Research output: Contribution to journalArticlepeer-review


Background: Healthcare professionals play a critical role in women's choice of contraceptive methods. However, national surveys on sexual and reproductive health (SRH) among physicians are rare and present low participation rates. We conducted a randomized trial to test for the effectiveness of three interventions to improve survey participation of private physicians delivering reproductive health services in France. Methods: The study comprised a national random sample of 500 general practitioners and 500 gynecologists working in private offices. All received a postal invitation to participate either by completing a paper, phone or online questionnaire.
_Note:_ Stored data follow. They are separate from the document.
lemma mono_ract_dmul_eq_sum_Sigma:
  fixes P Q :: "('n::finite) dop"
  assumes P: "ord_le P dP" and Q: "ord_le Q dQ"
  shows "mono_ract a (dmul P Q) q = (\<Sum>((l, j, l', j'), m) \<in> (SIGMA x:assoc_box a dP dQ. {m. m \<le> fst x}).
      if a + l + l' = q + j + j' then P l j * Q l' j' * (leibniz_coeff l m j' * mi_ffact a (j + j' - m)) else 0)"
    (is "_ = sum ?t ?Y")
proof -
  define Mp where "Mp = {p::'n mi. p \<le> a \<and> a \<le> q + p}"
  define D where "D p = {(k, i, m). i \<le> p \<and> m \<le> k \<and> k \<le> (q + p - a) + m \<and> P k i \<noteq> 0}" for p
  have finD: "finite (D p)" for p
  proof (rule finite_subset)
    show "D p \<subseteq> {k. msize k \<le> msize p + dP} \<times> {i. i \<le> p} \<times> {m. msize m \<le> msize p + dP}"
    proof (clarsimp simp: D_def)
      fix k i m assume h: "i \<le> p" "m \<le> k" "P k i \<noteq> 0"
      have "msize k \<le> msize i + dP" using P h by (auto simp: ord_le_def)
      moreover have "msize i \<le> msize p" "msize m \<le> msize k" using h msize_mono by auto
      ultimately show "msize k \<le> msize p + dP \<and> msize m \<le> msize p + dP" by linarith
    qed
  qed (intro finite_cartesian_product finite_msize_le finite_mi_le)
  have finS: "finite (SIGMA p:Mp. D p)" unfolding Mp_def by (intro finite_SigmaI finite_mi_between finD)
  have finY: "finite ?Y" by (intro finite_SigmaI finite_assoc_box finite_mi_le)
  define g where "g = (\<lambda>(p, k, i, m). P k i * Q (q + p - a + m - k) (p - i + m)
      * leibniz_coeff k m (p - i + m) * mi_ffact a p)"
  define jf where "jf = (\<lambda>(p::'n mi, k::'n mi, i::'n mi, m::'n mi). ((k, i, q + p - a + m - k, p - i + m), m))"
  define ib where "ib = (\<lambda>((l::'n mi, j::'n mi, l'::'n mi, j'::'n mi), m::'n mi). (j + j' - m, l, j, m))"
  have fw: "jf x \<in> ?Y \<and> ib (jf x) = x \<and> ?t (jf x) = g x"
    if x: "x \<in> (SIGMA p:Mp. D p)" "g x \<noteq> 0" for x
  proof -
    obtain p k i m where xe: "x = (p, k, i, m)"
      and h: "p \<le> a" "a \<le> q + p" "i \<le> p" "m \<le> k" "k \<le> q + p - a + m" and Pn: "P k i \<noteq> 0"
      using x(1) by (auto simp: Mp_def D_def)
    have Qn: "Q (q + p - a + m - k) (p - i + m) \<noteq> 0" using x(2) by (auto simp: g_def xe)
    have "(i + (p - i + m) - m) v = p v" "(a + k + (q + p - a + m - k)) v = (q + i + (p - i + m)) v" for v
      using le_funD[OF h(1), of v] le_funD[OF h(2), of v] le_funD[OF h(3), of v]
        le_funD[OF h(4), of v] le_funD[OF h(5), of v] by auto
    hence e1: "i + (p - i + m) - m = p" and e2: "a + k + (q + p - a + m - k) = q + i + (p - i + m)"
      by (simp_all add: fun_eq_iff)
    have "msize k \<le> msize i + dP" using P Pn by (auto simp: ord_le_def)
    moreover have "msize i \<le> msize p" "msize p \<le> msize a" "msize m \<le> msize k"
      using h msize_mono by auto
    moreover have "msize (p - i + m) = msize p - msize i + msize m" using h by (simp add: msize_diff)
    moreover have "msize (q + p - a + m - k) \<le> msize (p - i + m) + dQ"
      using Q Qn unfolding ord_le_def by blast
    ultimately have "((k, i, q + p - a + m - k, p - i + m), m) \<in> ?Y"
      using h order_trans[OF h(3,1)] by (auto simp: assoc_box_def)
    thus ?thesis by (simp add: xe e1 e2 g_def jf_def ib_def)
  qed
  have bw: "ib y \<in> (SIGMA p:Mp. D p) \<and> jf (ib y) = y \<and> g (ib y) = ?t y"
    if y: "y \<in> ?Y" "?t y \<noteq> 0" for y
  proof -
    obtain l j l' j' m where ye: "y = ((l, j, l', j'), m)" and ml: "m \<le> l"
      using y(1) by (auto simp: assoc_box_def)
    have c: "a + l + l' = q + j + j'"
      and nz: "P l j \<noteq> 0" "Q l' j' \<noteq> 0" "leibniz_coeff l m j' \<noteq> 0" "mi_ffact a (j + j' - m) \<noteq> 0"
      using y(2) by (auto simp: ye split: if_splits)
    have h: "m \<le> j'" "j + j' - m \<le> a"
      using nz leibniz_coeff_nonzero_imp_le mi_ffact_nonzero_imp_le by auto
    have "a v \<le> (q + (j + j' - m)) v" "j v \<le> (j + j' - m) v" "l v \<le> (q + (j + j' - m) - a + m) v"
      "(q + (j + j' - m) - a + m - l) v = l' v" "(j + j' - m - j + m) v = j' v" for v
      using fun_cong[OF c, of v] le_funD[OF h(1), of v] le_funD[OF h(2), of v] le_funD[OF ml, of v]
      by auto
    hence g1: "a \<le> q + (j + j' - m)" and g2: "j \<le> j + j' - m" and g3: "l \<le> q + (j + j' - m) - a + m"
      and g4: "q + (j + j' - m) - a + m - l = l'" and g5: "j + j' - m - j + m = j'"
      by (simp_all add: le_fun_def fun_eq_iff)
    have "(j + j' - m, l, j, m) \<in> (SIGMA p:Mp. D p)"
      using h g1 g2 g3 ml nz by (auto simp: Mp_def D_def)
    thus ?thesis by (simp add: ye g4 g5 c g_def jf_def ib_def)
  qed
  have "mono_ract a (dmul P Q) q = (\<Sum>p\<in>Mp. \<Sum>(k, i, m)\<in>D p. g (p, k, i, m))"
    unfolding mono_ract_def Mp_def
    by (rule sum.cong[OF refl])
      (simp add: dmul_def D_def g_def leibniz_coeff_def sum_distrib_right case_prod_beta)
  also have "\<dots> = sum g (SIGMA p:Mp. D p)"
    by (subst sum.Sigma) (auto simp: Mp_def intro: finD finite_mi_between)
  also have "\<dots> = sum ?t ?Y" by (rule sum_eq_by_nonzero_bij[OF finS finY fw bw])
  finally show ?thesis .
qed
Physicians were randomly assigned to six groups to test for the effect of three interventions: a non-monetary incentive in the form of a scientific book, telephone contact, and the possibility of completing the questionnaire by phone. Results: Overall, 362 questionnaires were collected (26 online, 2 by phone) and 58 physicians were ineligible. The completion rate increased from 26.7% in physicians who received no intervention to 42.7% in those who received the book and a phone call. The phone call increased the completion rate by 11% percentage points (P= 0.01), while the book had no significant effect. Results from multivariate logistic regressions also indicate that gynecologists (OR = 1.6) and female physicians (OR = 1.5) were more likely to participate than others. Conclusion: The results suggest that phone calls substantially increase participation of physicians in sexual and reproductive health surveys but have little impact on sampling distortion. Differentials in response rates by physicians' characteristics should be considered in future SRH studies among physicians.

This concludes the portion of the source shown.